Dark Star Rising
- Author: Gary Lachman
- Language: English
- Publisher: TarcherPerigee
- Publication date: 2018
- Publication place: United States
- Pages: 256
- ISBN: 978-0-14-313206-6
- Preceded by: The Lost Knowledge of the Imagination

= Dark Star Rising =

2018 book by Gary Lachman

Dark Star Rising: Magick and Power in the Age of Trump is a 2018 book by the American writer Gary Lachman. It explores the influence of occult figures on the alt-right movement in the United States, and their use of internet memes and chaos magick in the rise of Donald Trump to the presidency. Lachman draws a direct line between occult and far right figures like philosopher Julius Evola, Steve Bannon, and Aleksandr Dugin, while showing how the New Thought religious movement and people like Norman Vincent Peale shaped who Trump became, leaving a post-truth reality in its wake.

==Reception==
Mark Frauenfelder reviewed the book for Boing Boing, writing that it was informative and educational on the subject of the occult, the New Thought movement, and the relationship between occult fascism and the alt-right. Frauenfelder commended Lachman for his scholarship and "encyclopedic knowledge", and for his skill in breaking down a convoluted history of occultism in simple terms.

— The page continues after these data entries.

text \<open>Since \<pi>^r [Y, X] = - \<pi> \<pi>^(r-1) [X, Y], the correction \<pi> W cancels the error term of
  order \<pi>^r in the bracket of the lifts.\<close>
lemma bracket_lift_mat_dvd:
  assumes r: "r \<ge> 1" and YB: "mat_dvd (\<pi> ^ (r + 1)) (bracket Y B)"
    and W: "mat_dvd (\<pi> ^ r) (bracket W B - smat (\<pi> ^ (r - 1)) (bracket X Y))"
  shows "mat_dvd (\<pi> ^ (r + 1)) (bracket (Y + smat \<pi> W) (B + smat (\<pi> ^ r) X))"
  unfolding mat_dvd_def
proof (intro allI)
  fix i j
  define R where "R = bracket W B - smat (\<pi> ^ (r - 1)) (bracket X Y)"
  have p: "\<pi> * \<pi> ^ (r - 1) = \<pi> ^ r" using r by (cases r) simp_all
  have "bracket (Y + smat \<pi> W) (B + smat (\<pi> ^ r) X) $ i $ j
      = bracket Y B $ i $ j + \<pi> * R $ i $ j + \<pi> * (\<pi> ^ r * bracket W X $ i $ j)"
    unfolding R_def
    by (simp add: bracket_add_left bracket_add_right bracket_smat_left bracket_smat_right
        bracket_antisym[of X] algebra_simps p[symmetric])
  moreover have "\<pi> ^ (r + 1) dvd bracket Y B $ i $ j" using YB unfolding mat_dvd_def by blast
  moreover have "\<pi> ^ (r + 1) dvd \<pi> * R $ i $ j"
    using W unfolding mat_dvd_def R_def by (simp add: mult_dvd_mono)
  moreover have "\<pi> ^ (r + 1) dvd \<pi> * (\<pi> ^ r * bracket W X $ i $ j)"
    by (simp add: mult.assoc[symmetric])
  ultimately show "\<pi> ^ (r + 1) dvd bracket (Y + smat \<pi> W) (B + smat (\<pi> ^ r) X) $ i $ j"
    by (metis dvd_add)
qed

lemma stabilizer_subset_shadow_of_lift:
  fixes \<pi> :: "'a::idom" and \<kappa> :: "'a^'n::finite^'n \<Rightarrow> 'a^'n^'n \<Rightarrow> 'a"
  assumes dvr: "is_dvr_uniformizer \<pi>" and good: "good_form \<pi> \<kappa>" and r: "r \<ge> 1"
    and B: "B \<in> sl" and X: "X \<in> sl" and stable: "shadow \<pi> (r + 1) B = shadow \<pi> r B"
    and Y: "Y \<in> shadow \<pi> r B" and stab: "\<And>Z. Z \<in> shadow \<pi> r B \<Longrightarrow> \<pi> dvd \<kappa> X (bracket Y Z)"
  shows "Y \<in> shadow \<pi> (r + 1) (B + smat (\<pi> ^ r) X)"
proof -
  have pne: "\<pi> \<noteq> 0" using dvr unfolding is_dvr_uniformizer_def by simp
  have "Y \<in> shadow \<pi> (r + 1) B" using Y stable by simp
  then obtain Y1 where Y1: "Y \<in> sl" "Y1 \<in> sl" "mat_dvd (\<pi> ^ (r + 1)) (bracket Y1 B)" "mat_dvd \<pi> (Y - Y1)"
    unfolding mem_shadow_iff by blast
  have "\<pi> dvd \<kappa> (bracket X Y1) Z" if Z: "Z \<in> sl" and BZ: "mat_dvd (\<pi> ^ r) (bracket B Z)" for Z
  proof -
    have "mat_dvd (\<pi> ^ r) (bracket Z B)"
      using mat_dvd_uminus[OF BZ] by (simp add: bracket_antisym[of B])
    moreover have "mat_dvd \<pi> (Z - Z)" by (simp add: mat_dvd_def)
    ultimately have "Z \<in> shadow \<pi> r B" unfolding mem_shadow_iff using Z by blast
    then have "\<pi> dvd \<kappa> X (bracket Y Z)" by (rule stab)
    moreover have "\<pi> dvd \<kappa> X (bracket (Y - Y1) Z)"
      by (rule form_dvd_right[OF good pne sl_bracket X mat_dvd_bracket_left[OF Y1(4)]])
    moreover have "\<kappa> (bracket X Y1) Z = \<kappa> X (bracket Y Z) - \<kappa> X (bracket (Y - Y1) Z)"
      by (simp add: form_invariant[OF good X Y1(2) Z] bracket_diff_left
          form_diff_right[OF good sl_bracket sl_bracket X])
    ultimately show ?thesis by simp
  qed
  then obtain W where W: "W \<in> sl" "mat_dvd (\<pi> ^ r) (bracket W B - smat (\<pi> ^ (r - 1)) (bracket X Y1))"
    using bracket_image_mod_power[OF dvr good r B sl_bracket] by blast
  have "mat_dvd \<pi> (Y - (Y1 + smat \<pi> W))"
    using mat_dvd_diff[OF Y1(4) mat_dvd_smat[OF dvd_refl, of \<pi> W]] by (simp add: algebra_simps)
  moreover have "Y1 + smat \<pi> W \<in> sl" by (intro sl_add Y1(2) sl_smat W(1))
  ultimately show ?thesis
    unfolding mem_shadow_iff using Y1(1) bracket_lift_mat_dvd[OF r Y1(3) W(2)] by blast
qed

theorem mainTheorem2:
  fixes \<pi> :: "'a::idom"
    and \<kappa> :: "'a^'n::finite^'n \<Rightarrow> 'a^'n^'n \<Rightarrow> 'a"
    and r :: nat
    and E B Xc :: "'a^'n^'n"
  assumes "compact_dvr \<pi>"
    and "good_form \<pi> \<kappa>"
    and "r \<ge> 1"
    and "E \<in> sl" and "B \<in> sl" and "Xc \<in> sl"
    and "mat_cong \<pi> r B E"
    and "shadow \<pi> (r + 1) B = shadow \<pi> r E"
  shows "{Y \<in> shadow \<pi> r E. \<forall>Z \<in> shadow \<pi> r E. \<pi> dvd \<kappa> Xc (bracket Y Z)}
           = shadow \<pi> (r + 1) (B + smat (\<pi> ^ r) Xc)"
proof -
  have dvr: "is_dvr_uniformizer \<pi>" using assms(1) unfolding compact_dvr_def by simp
  then have "\<pi> \<noteq> 0" unfolding is_dvr_uniformizer_def by simp
  have shadow_E: "shadow \<pi> r E = shadow \<pi> r B" by (rule shadow_eq_of_mat_cong[OF assms(7)])
  have stable: "shadow \<pi> (r + 1) B = shadow \<pi> r B" using assms(8) shadow_E by simp
  show ?thesis unfolding shadow_E
  proof (intro set_eqI iffI)
    fix Y assume "Y \<in> {Y \<in> shadow \<pi> r B. \<forall>Z \<in> shadow \<pi> r B. \<pi> dvd \<kappa> Xc (bracket Y Z)}"
    then show "Y \<in> shadow \<pi> (r + 1) (B + smat (\<pi> ^ r) Xc)"
      using stabilizer_subset_shadow_of_lift[OF dvr assms(2,3,5,6) stable] by blast
  next
    fix Y assume "Y \<in> shadow \<pi> (r + 1) (B + smat (\<pi> ^ r) Xc)"
    then show "Y \<in> {Y \<in> shadow \<pi> r B. \<forall>Z \<in> shadow \<pi> r B. \<pi> dvd \<kappa> Xc (bracket Y Z)}"
      using shadow_subset_of_lift shadow_of_lift_stabilizes[OF \<open>\<pi> \<noteq> 0\<close> assms(2,5,6)] stable
      by blast
  qed
qed

end
definition properly_acting :: "('g, 'b) monoid_scheme \<Rightarrow> ('g \<Rightarrow> 'x::metric_space \<Rightarrow> 'x) \<Rightarrow> bool" where
  "properly_acting G \<phi> \<longleftrightarrow>
     (\<forall>K. compact K \<longrightarrow> finite {g \<in> carrier G. \<phi> g ` K \<inter> K \<noteq> {}})"

definition cocompact_action :: "('g, 'b) monoid_scheme \<Rightarrow> ('g \<Rightarrow> 'x::metric_space \<Rightarrow> 'x) \<Rightarrow> bool" where
  "cocompact_action G \<phi> \<longleftrightarrow> (\<exists>K. compact K \<and> (\<Union>g\<in>carrier G. \<phi> g ` K) = UNIV)"

definition proper_space :: "'x::metric_space itself \<Rightarrow> bool" where
  "proper_space _ \<longleftrightarrow> (\<forall>x::'x. \<forall>r. compact (cball x r))"

definition finitely_generated :: "('g, 'b) monoid_scheme \<Rightarrow> bool" where
  "finitely_generated G \<longleftrightarrow> (\<exists>S. finite S \<and> S \<subseteq> carrier G \<and> generate G S = carrier G)"

end

theory Submission
  imports Defs
begin

text \<open>Translating by \<open>h\<^sup>-\<^sup>1\<close> turns the family \<open>hO\<^sub>j\<close> back into the shadows \<open>O\<^sub>j\<close> of the shell \<open>S\<^sub>r\<close>,
  which cover \<open>\<partial>\<Gamma>\<close> with multiplicity at most some \<open>M\<close>. Hence every point of \<open>O\<^sub>i\<close> lies in at
  most \<open>M\<close> of the sets \<open>O\<^sub>i \<inter> hO\<^sub>j\<close>, and the sum is at most \<open>M \<rho>(O\<^sub>i) \<le> M e\<^bsup>-\<delta>\<^sub>\<Gamma> r + O(1)\<^esup>\<close>.\<close>

lemma sum_measure_Int_le_multiplicity:
  fixes M :: "'a measure"
  assumes "finite_measure M" and fin: "finite F" and A: "A \<in> sets M"
    and mult: "\<And>\<xi>. \<xi> \<in> A \<Longrightarrow> card {g\<in>F. \<xi> \<in> B g} \<le> m"
  shows "(\<Sum>g\<in>F. measure M (A \<inter> B g)) \<le> real m * measure M A"
proof -
  interpret finite_measure M by fact
  define F' where "F' = {g\<in>F. A \<inter> B g \<in> sets M}"
  have fin': "finite F'" using fin unfolding F'_def by auto
  have int: "integrable M (indicator (A \<inter> B g) :: _ \<Rightarrow> real)" if "g \<in> F'" for g
    using that by (auto simp: F'_def less_top[symmetric] intro!: integrable_real_indicator)
  have pointwise: "(\<Sum>g\<in>F'. indicator (A \<inter> B g) \<xi> :: real) \<le> real m * indicator A \<xi>" for \<xi>
  proof (cases "\<xi> \<in> A")
    case True
    have "(\<Sum>g\<in>F'. indicator (A \<inter> B g) \<xi> :: real) = real (card {g\<in>F'. \<xi> \<in> B g})"
      using True fin' by (simp add: indicator_def sum.If_cases Int_def conj_commute)
    also have "card {g\<in>F'. \<xi> \<in> B g} \<le> card {g\<in>F. \<xi> \<in> B g}"
      by (rule card_mono) (auto simp: fin F'_def)
    finally show ?thesis using mult[OF True] True by simp
  qed simp
  have "(\<Sum>g\<in>F. measure M (A \<inter> B g)) = (\<Sum>g\<in>F'. measure M (A \<inter> B g))"
    by (rule sum.mono_neutral_right) (auto simp: F'_def fin measure_notin_sets)
  also have "\<dots> = integral\<^sup>L M (\<lambda>\<xi>. \<Sum>g\<in>F'. indicator (A \<inter> B g) \<xi>)"
    using int by (simp add: Bochner_Integration.integral_sum F'_def)
  also have "\<dots> \<le> integral\<^sup>L M (\<lambda>\<xi>. real m * indicator A \<xi>)"
    using A int pointwise
    by (intro integral_mono Bochner_Integration.integrable_sum)
       (auto simp: less_top[symmetric] intro!: integrable_real_indicator)
  also have "\<dots> = real m * measure M A" using A by simp
  finally show ?thesis .
qed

He also applauded Lachman for not "ascribing any kind of paranormal efficacy to occult practices" and for showing the consequences of these ideas when they are relied upon in reality.

Writer and occultist Ralph Tegtmeier positively reviewed the book for Paralibrum, giving it a lengthy, in-depth analysis. Tegtmeier observes that Dark Star Rising is unlike Lachman's previous books on occult ideas, as it focuses on the subject of the occult, far-right American politics, and Donald Trump, whom Tegtmeier notes is, by itself, a difficult figure to write about. Tegtmeier congratulates Lachman for steering away from personal attacks on Trump, and for taking a strictly "phenomenological" approach to the topic. He notes that Lachman's investigation of Aleksandr Dugin's connection to the alt-right is timely and of great interest to readers. On the other hand, Tegtmeier does take issue with Lachman's reductionist description of chaos magick, writing that the specific claims showing chaos magick was used to get Trump elected is somewhat, admittedly weak. Nevertheless, Tegtmeier agrees with Lachman that he "has a very good point overall, and a pretty convincing if disturbing one", as there are too many similarities that are "too striking and well-documented to be frivolously discounted". Tegtmeier summarizes the book as an important one, calling it "a roller coaster ride across the unsavoury theme park of American, Russian and, to a lesser extent, global right-wing, authoritarian and neo-fascist politics".

In a review for the Fortean Times, S. D. Tucker gave the book five out of five stars, noting the quality of its composition, research and interest. Tucker disagreed with Lachman on placing all the blame at Trump's feet as the "ultimate source of post-truth chaos in himself", noting that "rejections of demonstrable physical reality" were also found in previous administrations, even ones run by the Democratic Party, as "competing versions" of reality waged war with each other throughout the political spectrum.